Orthogonal Concept Erasure for Diffusion Models
Orthogonal Concept Erasure for Diffusion Models
扩散模型的正交概念擦除
Abstract: Concept erasure has emerged as a promising approach to mitigate undesired or unsafe content in diffusion models, yet existing methods still face significant limitations. While training-based methods are effective, their high computational cost limits scalability. Editing-based methods are more efficient and deployment-friendly, yet they struggle to simultaneously achieve precise concept erasure and preserve overall generative capacity.
摘要: 概念擦除已成为减轻扩散模型中不良或不安全内容的一种有前景的方法,但现有方法仍面临显著局限。虽然基于训练的方法效果显著,但其高昂的计算成本限制了可扩展性。基于编辑的方法虽然更高效且易于部署,但在实现精确概念擦除的同时,难以兼顾保持整体生成能力。

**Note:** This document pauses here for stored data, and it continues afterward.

lemma Cauchy_integral_formula_square:
  fixes f :: "complex \<Rightarrow> complex"
  assumes hol: "f holomorphic_on csquare x y \<rho>" and s: "0 < s" "s \<le> \<rho>"
  defines "g \<equiv> \<lambda>w. f w / (w - Complex x y)"
  shows "2 * pi * \<i> * f (Complex x y) =
      contour_integral (linepath (Complex (x - s) (y - s)) (Complex (x + s) (y - s))) g +
      contour_integral (linepath (Complex (x + s) (y - s)) (Complex (x + s) (y + s))) g +
      contour_integral (linepath (Complex (x + s) (y + s)) (Complex (x - s) (y + s))) g +
      contour_integral (linepath (Complex (x - s) (y + s)) (Complex (x - s) (y - s))) g"
proof -
  define z where "z = Complex x y"
  define a1 a2 a3 a4 where "a1 = Complex (x - s) (y - s)" "a2 = Complex (x + s) (y - s)"
    "a3 = Complex (x + s) (y + s)" "a4 = Complex (x - s) (y + s)"
  have f: "continuous_on (csquare x y \<rho>) f"
    using hol holomorphic_on_imp_continuous_on by blast
  have zb: "z \<in> box a1 a3"
    using s by (simp add: in_box_complex_iff z_def a1_a2_a3_a4_def)
  have path_image: "path_image (rectpath a1 a3) \<subseteq> csquare x y \<rho> - {z}"
    using path_image_rectpath_cbox_minus_box[of a1 a3] zb s
    by (auto simp: a1_a2_a3_a4_def mem_csquare in_cbox_complex_iff in_box_complex_iff)
  have "z \<in> interior (csquare x y \<rho>)"
    using s by (simp add: csquare_def z_def in_box_complex_iff)
  then have "contour_integral (rectpath a1 a3) g = 2 * pi * \<i> * f z"
    using Cauchy_integral_formula_convex_simple[of "csquare x y \<rho>" f z "rectpath a1 a3"]
      hol path_image winding_number_rectpath[OF zb] contour_integral_unique
    by (auto simp: g_def z_def csquare_def)
  moreover have rp: "rectpath a1 a3 = linepath a1 a2 +++ linepath a2 a3 +++ linepath a3 a4 +++ linepath a4 a1"
    by (simp add: rectpath_def Let_def a1_a2_a3_a4_def)
  moreover have "g contour_integrable_on linepath a1 a2" "g contour_integrable_on linepath a2 a3"
    "g contour_integrable_on linepath a3 a4" "g contour_integrable_on linepath a4 a1"
    using path_image unfolding rp g_def z_def
    by (auto simp: path_image_join intro!: contour_integrable_continuous_linepath
        continuous_intros continuous_on_subset[OF f])
  ultimately show ?thesis
    by (simp add: contour_integrable_joinI add.assoc z_def a1_a2_a3_a4_def)
qed

lemma Cauchy_square_estimate:
  fixes f :: "complex \<Rightarrow> complex"
  assumes hol: "f holomorphic_on csquare x y (2 * r)" and s: "0 < r" "r \<le> s" "s \<le> 2 * r"
  shows "2 * pi * cmod (f (Complex x y)) \<le>
    (integral {x - 2*r..x + 2*r} (\<lambda>u. cmod (f (Complex u (y - s)))) +
     integral {x - 2*r..x + 2*r} (\<lambda>u. cmod (f (Complex u (y + s)))) +
     integral {y - 2*r..y + 2*r} (\<lambda>v. cmod (f (Complex (x + s) v))) +
     integral {y - 2*r..y + 2*r} (\<lambda>v. cmod (f (Complex (x - s) v)))) / r"
proof -
  define g where "g = (\<lambda>w. f w / (w - Complex x y))"
  have f: "continuous_on (csquare x y (2 * r)) f"
    using hol holomorphic_on_imp_continuous_on by blast
  have eq: "2 * pi * \<i> * f (Complex x y) =
      contour_integral (linepath (Complex (x - s) (y - s)) (Complex (x + s) (y - s))) g +
      contour_integral (linepath (Complex (x + s) (y - s)) (Complex (x + s) (y + s))) g +
      contour_integral (linepath (Complex (x + s) (y + s)) (Complex (x - s) (y + s))) g +
      contour_integral (linepath (Complex (x - s) (y + s)) (Complex (x - s) (y - s))) g"
    unfolding g_def using s by (intro Cauchy_integral_formula_square[OF hol]) auto
  have "2 * pi * cmod (f (Complex x y)) = cmod (2 * pi * \<i> * f (Complex x y))"
    by (simp add: norm_mult)
  also have "\<dots> \<le> cmod (contour_integral (linepath (Complex (x - s) (y - s)) (Complex (x + s) (y - s))) g)
      + cmod (contour_integral (linepath (Complex (x + s) (y - s)) (Complex (x + s) (y + s))) g)
      + cmod (contour_integral (linepath (Complex (x + s) (y + s)) (Complex (x - s) (y + s))) g)
      + cmod (contour_integral (linepath (Complex (x - s) (y + s)) (Complex (x - s) (y - s))) g)"
    unfolding eq by (meson add_mono norm_triangle_ineq order_refl order_trans)
  finally show ?thesis
    using norm_contour_integral_horizontal_side_le(1)[OF f s, of "y - s"]
      norm_contour_integral_horizontal_side_le(2)[OF f s, of "y + s"]
      norm_contour_integral_vertical_side_le(1)[OF f s, of "x + s"]
      norm_contour_integral_vertical_side_le(2)[OF f s, of "x - s"] s
    unfolding add_divide_distrib g_def by simp
qed

lemma integral_reflect_shift_real:
  fixes \<phi> :: "real \<Rightarrow> real"
  shows "integral {r..2*r} (\<lambda>s. \<phi> (y - s)) = integral {y - 2*r..y - r} \<phi>"
    and "integral {r..2*r} (\<lambda>s. \<phi> (y + s)) = integral {y + r..y + 2*r} \<phi>"
proof -
  have "integral {r..2*r} (\<lambda>s. \<phi> (y - s)) = integral {-2*r..-r} (\<lambda>t. \<phi> (t + y))"
    using Henstock_Kurzweil_Integration.integral_reflect_real[of "-r" "-(2*r)" "\<lambda>t. \<phi> (t + y)"]
    by (simp add: algebra_simps)
  also have "\<dots> = integral {(y - 2*r) - y..(y - r) - y} (\<lambda>t. \<phi> (t + y))" by simp
  also have "\<dots> = integral {y - 2*r..y - r} \<phi>" by (rule integral_shift_real_ivl)
  finally show "integral {r..2*r} (\<lambda>s. \<phi> (y - s)) = integral {y - 2*r..y - r} \<phi>" .
  have "integral {r..2*r} (\<lambda>s. \<phi> (y + s)) = integral {(y + r) - y..(y + 2*r) - y} (\<lambda>t. \<phi> (t + y))"
    by (simp add: algebra_simps)
  also have "\<dots> = integral {y + r..y + 2*r} \<phi>" by (rule integral_shift_real_ivl)
  finally show "integral {r..2*r} (\<lambda>s. \<phi> (y + s)) = integral {y + r..y + 2*r} \<phi>" .
qed

lemma integral_cbox_Pair_iterated:
  fixes F :: "real \<times> real \<Rightarrow> real"
  assumes "continuous_on (cbox (a, c) (b, d)) F"
  shows "integral {a..b} (\<lambda>u. integral {c..d} (\<lambda>v. F (u, v))) = integral (cbox (a, c) (b, d)) F"
    "integral {c..d} (\<lambda>v. integral {a..b} (\<lambda>u. F (u, v))) = integral (cbox (a, c) (b, d)) F"
proof -
  show 1: "integral {a..b} (\<lambda>u. integral {c..d} (\<lambda>v. F (u, v))) = integral (cbox (a, c) (b, d)) F"
    using integral_prod_continuous[OF assms] by simp
  have "continuous_on (cbox (a, c) (b, d)) (\<lambda>(u, v). F (u, v))" using assms by simp
  from integral_swap_continuous[of a c b d "\<lambda>u v. F (u, v)", OF this]
  show "integral {c..d} (\<lambda>v. integral {a..b} (\<lambda>u. F (u, v))) = integral (cbox (a, c) (b, d)) F"
    using 1 by simp
qed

We identify this core limitation of the editing-based methods as reliance on additive parameter updates. Our empirical analysis reveals that concept semantics primarily depend on neuron direction rather than neuron magnitude, while overall generative capacity relies on the angular geometry of neurons. As additive updates inherently entangle direction, magnitude, and angular geometry, they inevitably introduce unintended interference between concept erasure and overall generation performance.
我们发现,基于编辑的方法的核心局限在于对加法参数更新的依赖。我们的实证分析表明,概念语义主要取决于神经元方向而非神经元幅度,而整体生成能力则依赖于神经元的角度几何结构。由于加法更新本质上会将方向、幅度和角度几何纠缠在一起,它们不可避免地会在概念擦除和整体生成性能之间引入意外的干扰。
To address this, we propose Orthogonal Concept Erasure (OCE), which reformulates editing-based erasure as multiplicative parameter updates from a geometric perspective. Specifically, OCE applies layer-wise orthogonal transformations derived from a closed-form solution to the parameters, enabling precise concept erasure while preserving the neuron magnitude and angular geometry.
为了解决这一问题,我们提出了正交概念擦除(Orthogonal Concept Erasure, OCE),从几何角度将基于编辑的擦除重新表述为乘法参数更新。具体而言,OCE 对参数应用了源自闭式解的逐层正交变换,从而在保持神经元幅度和角度几何结构的同时,实现了精确的概念擦除。
Furthermore, to address conflicting constraints in multi-concept erasure, OCE introduces a subspace-level objective with structured subspace manipulation, yielding a more effective and scalable erasure. Extensive experiments on single- and multi-concept erasure demonstrate that OCE outperforms existing methods in concept erasure and non-target preservation, erasing up to 100 concepts in 4.3 s.
此外,为了解决多概念擦除中的冲突约束,OCE 引入了一种具有结构化子空间操作的子空间级目标函数,从而实现了更有效且可扩展的擦除。在单概念和多概念擦除上的大量实验表明,OCE 在概念擦除和非目标保留方面优于现有方法,可在 4.3 秒内擦除多达 100 个概念。